Не слышит. Мысли его, по-видимому, витают в ином мире. Да, он в мире ином, он весь – во власти грез. Скоро, очень скоро, – оглянуться не успеешь, – будет он там, куда стремится его душа давным-давно, куда его влекло почти всю жизнь. Скоро, очень скоро, – оглянуться не успеешь, – увидит он ту, которой со времени их разлуки не забывал никогда, ни на одно мгновение. Какова будет их первая встреча в новой стране после стольких лет разлуки? Узнает она его? Он-то ее наверняка узнает, – у него же есть ее портрет, присланный недавно мадам Черняк. Портрет хранится у него в боковом кармане. И он крепко прижимает руку к груди – к тому месту, где лежит заветный портрет. Генриетта убеждена, что этот его жест относится к ней. К кому же еще?.. И она никнет к нему, прижимается еще теснее, еще крепче, заглядывает ему в глаза и ласкается, как котенок.
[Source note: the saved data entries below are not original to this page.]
lemma lagrange_series_least_fixpoint:
  fixes psi :: "nat \<Rightarrow> real"
  defines "A \<equiv> fps_nth (lagrange_sol psi)"
  assumes nonneg: "\<And>n. 0 \<le> psi n" and "psi 0 \<noteq> 0" "0 \<le> w" "0 \<le> u"
    and u_radius: "ereal u < conv_radius psi" and "w * pseries psi u \<le> u"
  shows "summable (\<lambda>n. A n * w ^ n)" "pseries A w \<in> {0..u}"
    "w * pseries psi (pseries A w) = pseries A w"
proof -
  define s where "s n = (\<Sum>k<n. A k * w ^ k)" for n
  have terms_nonneg: "0 \<le> A n * w ^ n" for n
    unfolding A_def using assms by (simp add: lagrange_sol_nth_nonneg)
  then have s_nonneg: "0 \<le> s n" for n
    unfolding s_def by (simp add: sum_nonneg)
  have radius: "ereal x < conv_radius psi" if "x \<le> u" for x
    using that by (intro le_less_trans[OF _ u_radius]) simp
  have s_le: "s n \<le> u" for n
  proof (induction n)
    case (Suc n)
    have "s (Suc n) \<le> w * pseries psi (s n)"
      unfolding s_def A_def using assms radius Suc
      by (intro lagrange_partial_sum_Suc_le) (auto simp: s_def A_def)
    also have "\<dots> \<le> w * pseries psi u"
      using Suc s_nonneg assms by (intro mult_left_mono pseries_mono) auto
    finally show ?case
      using assms by simp
  qed (simp add: s_def \<open>0 \<le> u\<close>)
  show summable: "summable (\<lambda>n. A n * w ^ n)"
    using terms_nonneg s_le unfolding s_def by (rule summableI_nonneg_bounded)
  define S where "S = pseries A w"
  have lim: "s \<longlonglongrightarrow> S"
    unfolding s_def S_def pseries_def by (rule summable_LIMSEQ[OF summable])
  have "S \<in> {0..u}"
    using s_nonneg s_le by (auto intro: LIMSEQ_le_const[OF lim] LIMSEQ_le_const2[OF lim])
  then show "pseries A w \<in> {0..u}"
    by (simp add: S_def)
  then have "isCont (pseries psi) S"
    using radius by (intro isCont_pseries) (simp add: S_def)
  then have lim_image: "(\<lambda>n. w * pseries psi (s n)) \<longlonglongrightarrow> w * pseries psi S"
    by (intro tendsto_mult tendsto_const isCont_tendsto_compose[OF _ lim])
  have "w * pseries psi (s n) \<le> S" for n
    unfolding S_def s_def A_def using assms summable radius s_le
    by (intro lagrange_pseries_cutoff_le) (auto simp: s_def A_def)
  then have "w * pseries psi S \<le> S"
    by (intro LIMSEQ_le_const2[OF lim_image]) auto
  moreover have "s (Suc n) \<le> w * pseries psi (s n)" for n
    unfolding s_def A_def using assms radius s_le
    by (intro lagrange_partial_sum_Suc_le) (auto simp: s_def A_def)
  then have "S \<le> w * pseries psi S"
    by (intro LIMSEQ_le[OF LIMSEQ_Suc[OF lim] lim_image]) auto
  ultimately show "w * pseries psi (pseries A w) = pseries A w"
    by (simp add: S_def)
qed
– Скоро прибудем в Америку, как думаешь? – в третий раз спрашивает его примадонна и, щелкнув его пальчиком по носу, раскатисто хохочет, заливается: ха-ха-ха!
Рафалеско с недоумением смотрит на нее. Он в толк не возьмет, чего она смеется. И как некстати! Она прервала его грезы в самом интересном месте. В эту минуту он совсем забыл о той, что стоит возле него, опираясь на его руку… И вот она напомнила ему о своем присутствии. Он глядит на нее сверху вниз и думает: «К чему этот флирт? К чему эта запоздалая игра в любовь?.. Из одной беды выкарабкался, в другую влип».
И снова, помимо его воли, встает в его воображении Златка, ее скорбное лицо, распухшие от слез глаза. И снова звучат в ушах последние прощальные слова Гольцмана, которые тот едва прохрипел приглушенным голосом: «Сиротка… бедная сиротка!» Рафалеско хотел бы забыть эти слова, но не может. Он бы не прочь оставить по ту сторону океана, в Старом Свете, все свое прошлое, все пережитое им за годы скитаний. Ему хотелось бы приехать в Новый Свет как бы заново родившимся, чистым, незапятнанным, непорочным, каким был он в далекие, чистые и светлые детские годы… Но, точно назло, память настойчиво воскрешает перед ним все самое худшее, самое печальное, – все, что ему хотелось бы забыть, вычеркнуть из памяти навсегда.
Чтобы отогнать докучные мысли и образы, Рафалеско углубился в созерцание моря. И опять он не в силах оторвать глаз от этого величественного зрелища. Все пассажиры снова высыпали на палубу и любуются красотой успокоившегося океана. Глядят и не наглядятся на его блеск, на его великолепие. Нет границ его грозной мощи, когда он приходит в ярость. Нет предела его чарующей красоте, когда он смиряет свой гнев.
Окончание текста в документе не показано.